EXERCISE DIRECTIONS: Return every line from the one with "P s \<in> carrier_mat" through the one with "s = X ^\<^sub>m", inclusive, exactly as it appears below.

DATA RECORDS Start Marker

lemma embed_tree_min_degree:
  assumes E2: "\<forall>e\<in>E. card e = 2"
    and deg: "\<forall>v\<in>S. card (neighbours E S v) \<ge> k"
    and "s \<in> S"
  shows "is_tree W F \<Longrightarrow> card W \<le> k + 1 \<Longrightarrow> r \<in> W \<Longrightarrow>
    \<exists>f. inj_on f W \<and> f ` W \<subseteq> S \<and> f r = s \<and> (\<forall>e\<in>F. f ` e \<in> E)"
proof (induction "card W" arbitrary: W F rule: less_induct)
  case less
  have sg: "simple_graph W F" using less.prems(1) unfolding is_tree_def by auto
  have fin_W: "finite W" using sg unfolding simple_graph_def by auto
  show ?case
  proof (cases "\<exists>a\<in>W. \<exists>b\<in>W. a \<noteq> b")
    case False
    then have "W = {r}" using less.prems(3) by auto
    moreover have "F = {}" using simple_graph_singleton[of r F] sg \<open>W = {r}\<close> by simp
    ultimately show ?thesis using \<open>s \<in> S\<close> by (intro exI[of _ "\<lambda>_. s"]) simp
  next
    case True
    then obtain a b where ab: "a \<in> W" "b \<in> W" "a \<noteq> b" by auto
    obtain x p where leaf: "leaf W F x p" and "x \<noteq> r"
    proof -
      obtain x1 p1 x2 p2 where "leaf W F x1 p1" "leaf W F x2 p2" "x1 \<noteq> x2"
        using tree_two_leaves[OF less.prems(1) ab] .
      then show thesis using that by (cases "x1 = r") auto
    qed
    note x = leafD[OF leaf]
    have smaller: "card (W - {x}) < card W" using card_Diff1_less[OF fin_W x(1)] .
    have "card (W - {x}) \<le> k + 1" and r: "r \<in> W - {x}"
      using less.prems(2,3) smaller \<open>x \<noteq> r\<close> by auto
    then obtain f where f: "inj_on f (W - {x})" "f ` (W - {x}) \<subseteq> S" "f r = s"
        "\<forall>e\<in>{e\<in>F. x \<notin> e}. f ` e \<in> E"
      using less.hyps[OF smaller tree_remove_leaf[OF less.prems(1) leaf]] by blast
    have "f p \<in> S" using f(2) x(2,3) by auto
    then have "card (neighbours E S (f p)) \<ge> k" using deg by blast
    moreover have "card W \<ge> 2" using ab card_mono[OF fin_W, of "{a, b}"] by auto
    ultimately have "card (neighbours E S (f p)) > card W - 2" using less.prems(2) by linarith
    then obtain g where g: "inj_on g W" "g ` W \<subseteq> S" "\<forall>e\<in>F. g ` e \<in> E" "\<forall>z\<in>W - {x}. g z = f z"
      by (rule embedding_extend_leaf[OF sg leaf E2 f(1,2,4)])
    have "g r = s" using g(4) f(3) r by auto
    then show ?thesis using g(1-3) by blast
  qed
qed

lemma embed_tree_min_degree_plus_one:
  assumes E2: "\<forall>e\<in>E. card e = 2"
    and deg: "\<forall>v\<in>S. card (neighbours E S v) \<ge> t - 1"
    and w: "w \<in> S" "card (neighbours E S w) \<ge> t"
    and tree: "is_tree W F" and "card F = t" "t > 0"
  obtains f where "inj_on f W" "f ` W \<subseteq> S" "\<forall>e\<in>F. f ` e \<in> E"
proof -
  have sg: "simple_graph W F" using tree unfolding is_tree_def by auto
  have fin_W: "finite W" using sg unfolding simple_graph_def by auto
  have card_W: "card W = t + 1" using tree_card_vertices[OF tree] \<open>card F = t\<close> by simp
  then have "\<not> card W \<le> Suc 0" using \<open>t > 0\<close> by simp
  then obtain a b where "a \<in> W" "b \<in> W" "a \<noteq> b"
    using card_le_Suc0_iff_eq[OF fin_W] by blast
  then obtain x p y q where leaf: "leaf W F x p" and "leaf W F y q" "x \<noteq> y"
    by (rule tree_two_leaves[OF tree])
  note x = leafD[OF leaf]
  have size: "card (W - {x}) \<le> (t - 1) + 1" and p: "p \<in> W - {x}"
    using card_W fin_W x \<open>t > 0\<close> by auto
  obtain f where f: "inj_on f (W - {x})" "f ` (W - {x}) \<subseteq> S" "f p = w"
      "\<forall>e\<in>{e\<in>F. x \<notin> e}. f ` e \<in> E"
    using embed_tree_min_degree[OF E2 deg w(1) tree_remove_leaf[OF tree leaf] size p] by blast
  have "card (neighbours E S (f p)) > card W - 2" using w(2) f(3) card_W \<open>t > 0\<close> by simp
  then obtain g where "inj_on g W" "g ` W \<subseteq> S" "\<forall>e\<in>F. g ` e \<in> E"
    by (rule embedding_extend_leaf[OF sg leaf E2 f(1,2,4)])
  then show thesis by (rule that)
qed

subsection \<open>Dense subgraphs\<close>

definition edges_within :: "'a set set \<Rightarrow> 'a set \<Rightarrow> 'a set set" where
  "edges_within E S = {e\<in>E. e \<subseteq> S}"

lemma card_edges_at_vertex:
  assumes E2: "\<forall>e\<in>E. card e = 2" and "v \<in> S"
  shows "card {e\<in>edges_within E S. v \<in> e} = card (neighbours E S v)"
proof -
  have "e \<in> (\<lambda>u. {v, u}) ` neighbours E S v" if "e \<in> E" "e \<subseteq> S" "v \<in> e" for e
  proof -
    obtain a b where "e = {a, b}" using E2 \<open>e \<in> E\<close> unfolding card_2_iff by blast
    then show ?thesis using that unfolding neighbours_def by (auto simp: insert_commute)
  qed
  then have "bij_betw (\<lambda>u. {v, u}) (neighbours E S v) {e\<in>edges_within E S. v \<in> e}"
    using \<open>v \<in> S\<close> unfolding bij_betw_def inj_on_def neighbours_def edges_within_def
    by (auto simp: doubleton_eq_iff)
  then show ?thesis by (simp add: bij_betw_same_card)
qed

lemma finite_edges_within: "finite S \<Longrightarrow> finite (edges_within E S)"
  unfolding edges_within_def by (rule finite_subset[of _ "Pow S"]) auto

lemma card_edges_within_remove:
  assumes E2: "\<forall>e\<in>E. card e = 2" and fin_S: "finite S" and "v \<in> S"
  shows "card (edges_within E S) = card (edges_within E (S - {v})) + card (neighbours E S v)"
proof -
  let ?A = "edges_within E (S - {v})" and ?B = "{e\<in>edges_within E S. v \<in> e}"
  have "edges_within E S = ?A \<union> ?B" unfolding edges_within_def by auto
  then have "card (edges_within E S) = card (?A \<union> ?B)" by (rule arg_cong)
  also have "\<dots> = card ?A + card ?B"
    using finite_edges_within[OF fin_S] finite_edges_within[of "S - {v}"] fin_S
    by (intro card_Un_disjoint) (auto simp: edges_within_def)
  also have "\<dots> = card ?A + card (neighbours E S v)"
    using card_edges_at_vertex[OF E2 \<open>v \<in> S\<close>] by simp
  finally show ?thesis .
qed
(* Let $J_-,J_+\subset\mathbb Z$ be disjoint finite arithmetic progressions with the same common difference, $J=J_-\cup J_+$. For a generic twisted $J$-corrugated $n$-gon with corresponding operator $\mathcal D\in\mathrm{DO}_n(J)$, the Lax operator $\mathcal L(z):=\mathcal D_-(z)^{-1}\mathcal D_+(z)$ is a well-defined element of $\widetilde{\mathrm{GL}}_n/(\mathrm{Ad}\,\mathbb T\times\mathbb R^* )$, i.e. it does not depend, modulo conjugation by constant invertible diagonal matrices and the substitutions $z\mapsto tz$ ($t\in\mathbb R^*$), on the choice of $\mathcal D$ corresponding to the polygon nor on the representative of the projective equivalence class.
   Context: A scalar operator is a bi-infinite real sequence $a=(a_i)$ acting by $(aV)_i=a_iV_i$; $T$ is the left shift. An $n$-periodic difference operator is a finite sum $\sum_j a^{(j)}T^j$ with $n$-periodic coefficients; $\mathrm{DO}_n(J)$ consists of those of the form $\sum_{j\in J}a^{(j)}T^j$; for $\mathcal D=\sum_{j\in J}a^{(j)}T^j$ put $\mathcal D_\pm=\sum_{j\in J_\pm}a^{(j)}T^j$. $\mathcal D(z)$ is the matrix Laurent polynomial obtained by sending a scalar operator $a$ to $\mathrm{diag}(a_1,\dots,a_n)$ and $T$ to the $n\times n$ matrix with $1$'s at positions $(i,i+1)$ and $z$ at position $(n,1)$. $\widetilde{\mathrm{GL}}_n$ is the group of invertible matrix-valued rational functions of $z$. For $d=\max J-\min J-1$, a twisted $J$-corrugated $n$-gon is a sequence $v_i\in\mathbb{RP}^d$ with $v_{i+n}=M(v_i)$ ($M$ projective) such that for each $i$ the points $v_{i+j}$, $j\in J$, lie in a projective subspace of dimension $|J|-2$; $\mathcal D$ corresponds to it if $\mathcal DV=0$ for some lift $V_i\in\mathbb R^{d+1}$ of $v_i$. Such $\mathcal D$ is determined up to $\mathcal D\mapsto a\mathcal Db^{-1}$ with $a,b$ invertible $n$-quasiperiodic scalar operators with the same monodromy. *)

theory Defs
  imports Complex_Main "Jordan_Normal_Form.Gauss_Jordan_Elimination" "Jordan_Normal_Form.Determinant"
begin

(* Scalar operators: bi-infinite real sequences  int => real.
   A difference operator sum_{j in J} a^(j) T^j is represented by its support J
   together with the coefficient family  D :: int => int => real,  D j i = a^(j)_i.
   Its action: (D V)_i = sum_{j in J} D j i * V (i+j). *)

definition periodic_seq :: "nat \<Rightarrow> (int \<Rightarrow> real) \<Rightarrow> bool" where
  "periodic_seq n a \<longleftrightarrow> (\<forall>i. a (i + int n) = a i)"

definition quasiperiodic_inv :: "nat \<Rightarrow> real \<Rightarrow> (int \<Rightarrow> real) \<Rightarrow> bool" where
  "quasiperiodic_inv n m a \<longleftrightarrow> (\<forall>i. a (i + int n) = m * a i) \<and> (\<forall>i. a i \<noteq> 0)"

definition DO :: "nat \<Rightarrow> int set \<Rightarrow> (int \<Rightarrow> int \<Rightarrow> real) \<Rightarrow> bool" where
  "DO n J D \<longleftrightarrow> (\<forall>j\<in>J. periodic_seq n (D j))"

(* the operator  a D b^{-1}  (coefficients: (a D b^{-1})^(j)_i = a_i a^(j)_i / b_(i+j)) *)
definition gauge :: "(int \<Rightarrow> real) \<Rightarrow> (int \<Rightarrow> int \<Rightarrow> real) \<Rightarrow> (int \<Rightarrow> real) \<Rightarrow> (int \<Rightarrow> int \<Rightarrow> real)" where
  "gauge a D b = (\<lambda>j i. a i * D j i / b (i + j))"

definition arith_prog :: "int \<Rightarrow> int set \<Rightarrow> bool" where
  "arith_prog d P \<longleftrightarrow> d > 0 \<and> (\<exists>s l. l \<ge> 1 \<and> P = {s + int k * d | k. k < l})"

(* matrix inverse (zero matrix if not invertible) *)
definition minv :: "real mat \<Rightarrow> real mat" where
  "minv A = (case mat_inverse A of Some B \<Rightarrow> B | None \<Rightarrow> 0\<^sub>m (dim_row A) (dim_col A))"

(* T(z): 1's at positions (i,i+1), z at (n,1)  (0-based indices here) *)
definition Tmat :: "nat \<Rightarrow> real \<Rightarrow> real mat" where
  "Tmat n z = mat n n (\<lambda>(r,c). if r + 1 < n \<and> c = r + 1 then 1
                               else if r + 1 = n \<and> c = 0 then z else 0)"

definition Tpow :: "nat \<Rightarrow> real \<Rightarrow> int \<Rightarrow> real mat" where
  "Tpow n z j = (if 0 \<le> j then Tmat n z ^\<^sub>m nat j else minv (Tmat n z) ^\<^sub>m nat (- j))"

definition opmat :: "nat \<Rightarrow> int set \<Rightarrow> (int \<Rightarrow> int \<Rightarrow> real) \<Rightarrow> real \<Rightarrow> real mat" where
  "opmat n J D z = mat n n (\<lambda>(r,c). \<Sum>j\<in>J. D j (int r + 1) * Tpow n z j $$ (r,c))"

definition Lax :: "nat \<Rightarrow> int set \<Rightarrow> int set \<Rightarrow> (int \<Rightarrow> int \<Rightarrow> real) \<Rightarrow> real \<Rightarrow> real mat" where
  "Lax n Jm Jp D z = minv (opmat n Jm D z) * opmat n Jp D z"

definition inv_diag :: "nat \<Rightarrow> real mat \<Rightarrow> bool" where
  "inv_diag n C \<longleftrightarrow> C \<in> carrier_mat n n \<and> (\<forall>r<n. \<forall>c<n. r \<noteq> c \<longrightarrow> C $$ (r,c) = 0)
                    \<and> (\<forall>r<n. C $$ (r,r) \<noteq> 0)"

(* a matrix-valued rational function is invertible (in GL~_n) iff its determinant is
   not identically zero; equality of rational functions = equality off a finite set *)
definition generic_inv :: "(real \<Rightarrow> real mat) \<Rightarrow> bool" where
  "generic_inv F \<longleftrightarrow> (\<exists>z. det (F z) \<noteq> 0)"

end

theory Submission
  imports Defs
begin

text \<open>Write \<open>B\<^sub>s\<close> for the diagonal matrix \<open>diag(b\<^sub>s\<^sub>+\<^sub>1, \<dots>, b\<^sub>s\<^sub>+\<^sub>n)\<close> of a
  quasiperiodic sequence \<open>b\<close> with monodromy \<open>m\<close>. Then \<open>T(z) B\<^sub>s = B\<^sub>s\<^sub>+\<^sub>1 T(z/m)\<close>: the
  monodromy factor picked up in the corner entry is absorbed by rescaling \<open>z\<close>. Iterating (and
  inverting) gives \<open>T(z)\<^sup>j B\<^sub>0 = B\<^sub>j T(z/m)\<^sup>j\<close> for all \<open>j \<in> \<int>\<close>, hence
  \<open>(a D b\<^sup>-\<^sup>1)(z) = A\<^sub>0 D(z/m) B\<^sub>0\<^sup>-\<^sup>1\<close> for every support \<open>J\<close>. Thus the gauge action multiplies
  \<open>D\<^sub>\<plusminus>(z)\<close> on the same sides by the same invertible diagonal matrices, and in
  \<open>L = D\<^sub>-\<^sup>-\<^sup>1 D\<^sub>+\<close> the factor \<open>A\<^sub>0\<close> cancels, leaving conjugation by \<open>B\<^sub>0\<close> and the
  substitution \<open>z \<mapsto> z/m\<close>.\<close>

lemma minv_carrier: "A \<in> carrier_mat n n \<Longrightarrow> minv A \<in> carrier_mat n n"
  by (auto simp: minv_def dest: mat_inverse(2) split: option.split)

lemma minv_inverse:
  assumes A: "A \<in> carrier_mat n n" and det: "det A \<noteq> 0"
  shows "A * minv A = 1\<^sub>m n" "minv A * A = 1\<^sub>m n"
proof -
  obtain B where "mat_inverse A = Some B"
    using mat_inverse(1)[OF A] det_non_zero_imp_unit[OF A det, of "()"] by fastforce
  with mat_inverse(2)[OF A] show "A * minv A = 1\<^sub>m n" "minv A * A = 1\<^sub>m n"
    by (auto simp: minv_def)
qed

lemma minv_singular:
  assumes A: "A \<in> carrier_mat n n" and det: "det A = 0"
  shows "minv A = 0\<^sub>m n n"
proof (cases "mat_inverse A")
  case (Some B)
  with mat_inverse(2)[OF A] have "det A * det B = 1"
    using det_mult[OF A, of B] by auto
  with det show ?thesis by simp
qed (use A in \<open>simp add: minv_def\<close>)

lemma minv_eqI:
  assumes A: "A \<in> carrier_mat n n" and B: "B \<in> carrier_mat n n" and AB: "A * B = 1\<^sub>m n"
  shows "minv A = B"
proof -
  have "det A * det B = 1" using det_mult[OF A B] AB by simp
  then have "det A \<noteq> 0" by auto
  then have "minv A = minv A * (A * B)" "minv A * A = 1\<^sub>m n"
    using AB minv_inverse[OF A] minv_carrier[OF A] by auto
  then show ?thesis
    using A B minv_carrier[OF A] by (simp add: assoc_mult_mat[symmetric])
qed

lemma det_nonzero_if_right_inverse:
  assumes "A \<in> carrier_mat n n" "B \<in> carrier_mat n n" "A * B = 1\<^sub>m n"
  shows "det A \<noteq> 0"
  using det_mult[OF assms(1,2)] assms(3) by auto

lemma minv_minv:
  assumes A: "A \<in> carrier_mat n n" and det: "det A \<noteq> 0"
  shows "minv (minv A) = A"
  by (rule minv_eqI[OF minv_carrier[OF A] A minv_inverse(2)[OF A det]])

lemma minv_mult_conj:
  assumes P: "P \<in> carrier_mat n n" and M: "M \<in> carrier_mat n n" and Q: "Q \<in> carrier_mat n n"
    and dP: "det P \<noteq> 0" and dQ: "det Q \<noteq> 0"
  shows "minv (P * M * Q) = minv Q * minv M * minv P"
proof (cases "det M = 0")
  case True
  then have "det (P * M * Q) = 0" using P M Q by (simp add: det_mult)
  with True show ?thesis
    using P M Q minv_carrier[OF P] minv_carrier[OF Q] by (simp add: minv_singular)
next
  case False
  note inv = minv_inverse[OF P dP] minv_inverse[OF M False] minv_inverse[OF Q dQ]
  note car = minv_carrier[OF P] minv_carrier[OF M] minv_carrier[OF Q]
  have cancel: "X * (minv X * Y) = Y" if "X \<in> carrier_mat n n" "det X \<noteq> 0" "Y \<in> carrier_mat n n" for X Y
    using that minv_inverse[OF that(1,2)] minv_carrier[OF that(1)]
    by (simp add: assoc_mult_mat[symmetric])
  have "P * M * Q * (minv Q * minv M * minv P) = P * (M * (Q * (minv Q * (minv M * minv P))))"
    using P M Q car by (simp add: assoc_mult_mat[of _ n n _ n _ n])
  also have "\<dots> = 1\<^sub>m n" using P M Q car inv dP dQ False by (simp add: cancel)
  finally show ?thesis using P M Q car by (intro minv_eqI) auto
qed

lemma minv_intertwine:
  assumes X: "X \<in> carrier_mat n n" and Y: "Y \<in> carrier_mat n n"
    and P: "P \<in> carrier_mat n n" and Q: "Q \<in> carrier_mat n n"
    and dP: "det P \<noteq> 0" and dQ: "det Q \<noteq> 0" and XP: "X * P = Q * Y"
  shows "minv X * Q = P * minv Y"
proof -
  have "X = X * (P * minv P)" using X P minv_inverse[OF P dP] by simp
  also have "\<dots> = Q * Y * minv P"
    using X P minv_carrier[OF P] XP by (simp add: assoc_mult_mat[symmetric])
  finally have "minv X = P * minv Y * minv Q"
    using minv_mult_conj[OF Q Y minv_carrier[OF P] dQ] minv_minv[OF P dP]
      det_nonzero_if_right_inverse[OF minv_carrier[OF P] P minv_inverse(2)[OF P dP]]
    by simp
  then show ?thesis
    using P Q minv_carrier[OF Q] minv_carrier[OF Y] minv_inverse(2)[OF Q dQ]
    by (simp add: assoc_mult_mat[of _ n n _ n _ n])
qed

lemma pow_mat_intertwine:
  fixes P :: "int \<Rightarrow> 'a :: semiring_1 mat"
  assumes X: "X \<in> carrier_mat n n" and Y: "Y \<in> carrier_mat n n"
    and P: "\<And>s. P s \<in> carrier_mat n n" and XP: "\<And>s. X * P s = P (s + e) * Y"
  shows "X ^\<^sub>m k * P s = P (s + int k * e) * Y ^\<^sub>m k"
proof (induction k arbitrary: s)
  case 0
  show ?case using X Y P[of s] by simp
next
  case (Suc k)
  have "X ^\<^sub>m Suc k * P s = X ^\<^sub>m k * (P (s + e) * Y)"
    using X P by (simp add: assoc_mult_mat[of _ n n _ n _ n] XP)
  also have "\<dots> = P (s + e + int k * e) * Y ^\<^sub>m k * Y"
    using X Y P Suc.IH by (simp add: assoc_mult_mat[of _ n n _ n _ n, symmetric])
  also have "\<dots> = P (s + int (Suc k) * e) * Y ^\<^sub>m Suc k"
    using Y P by (simp add: assoc_mult_mat[of _ n n _ n _ n] algebra_simps)
  finally show ?case .
qed

definition seq_diag :: "nat \<Rightarrow> (int \<Rightarrow> real) \<Rightarrow> int \<Rightarrow> real mat" where
  "seq_diag n b s = mat_diag n (\<lambda>i. b (int i + 1 + s))"

lemma seq_diag_carrier [simp]: "seq_diag n b s \<in> carrier_mat n n"
  by (simp add: seq_diag_def)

DATA RECORDS End Marker

WORKED SOLUTION:
    and P: "\<And>s. P s \<in> carrier_mat n n" and XP: "\<And>s. X * P s = P (s + e) * Y"
  shows "X ^\<^sub>m k * P s = P (s + int k * e) * Y ^\<^sub>m k"
proof (induction k arbitrary: s)
  case 0
  show ?case using X Y P[of s] by simp
next
  case (Suc k)
  have "X ^\<^sub>m Suc k * P s = X ^\<^sub>m k * (P (s + e) * Y)"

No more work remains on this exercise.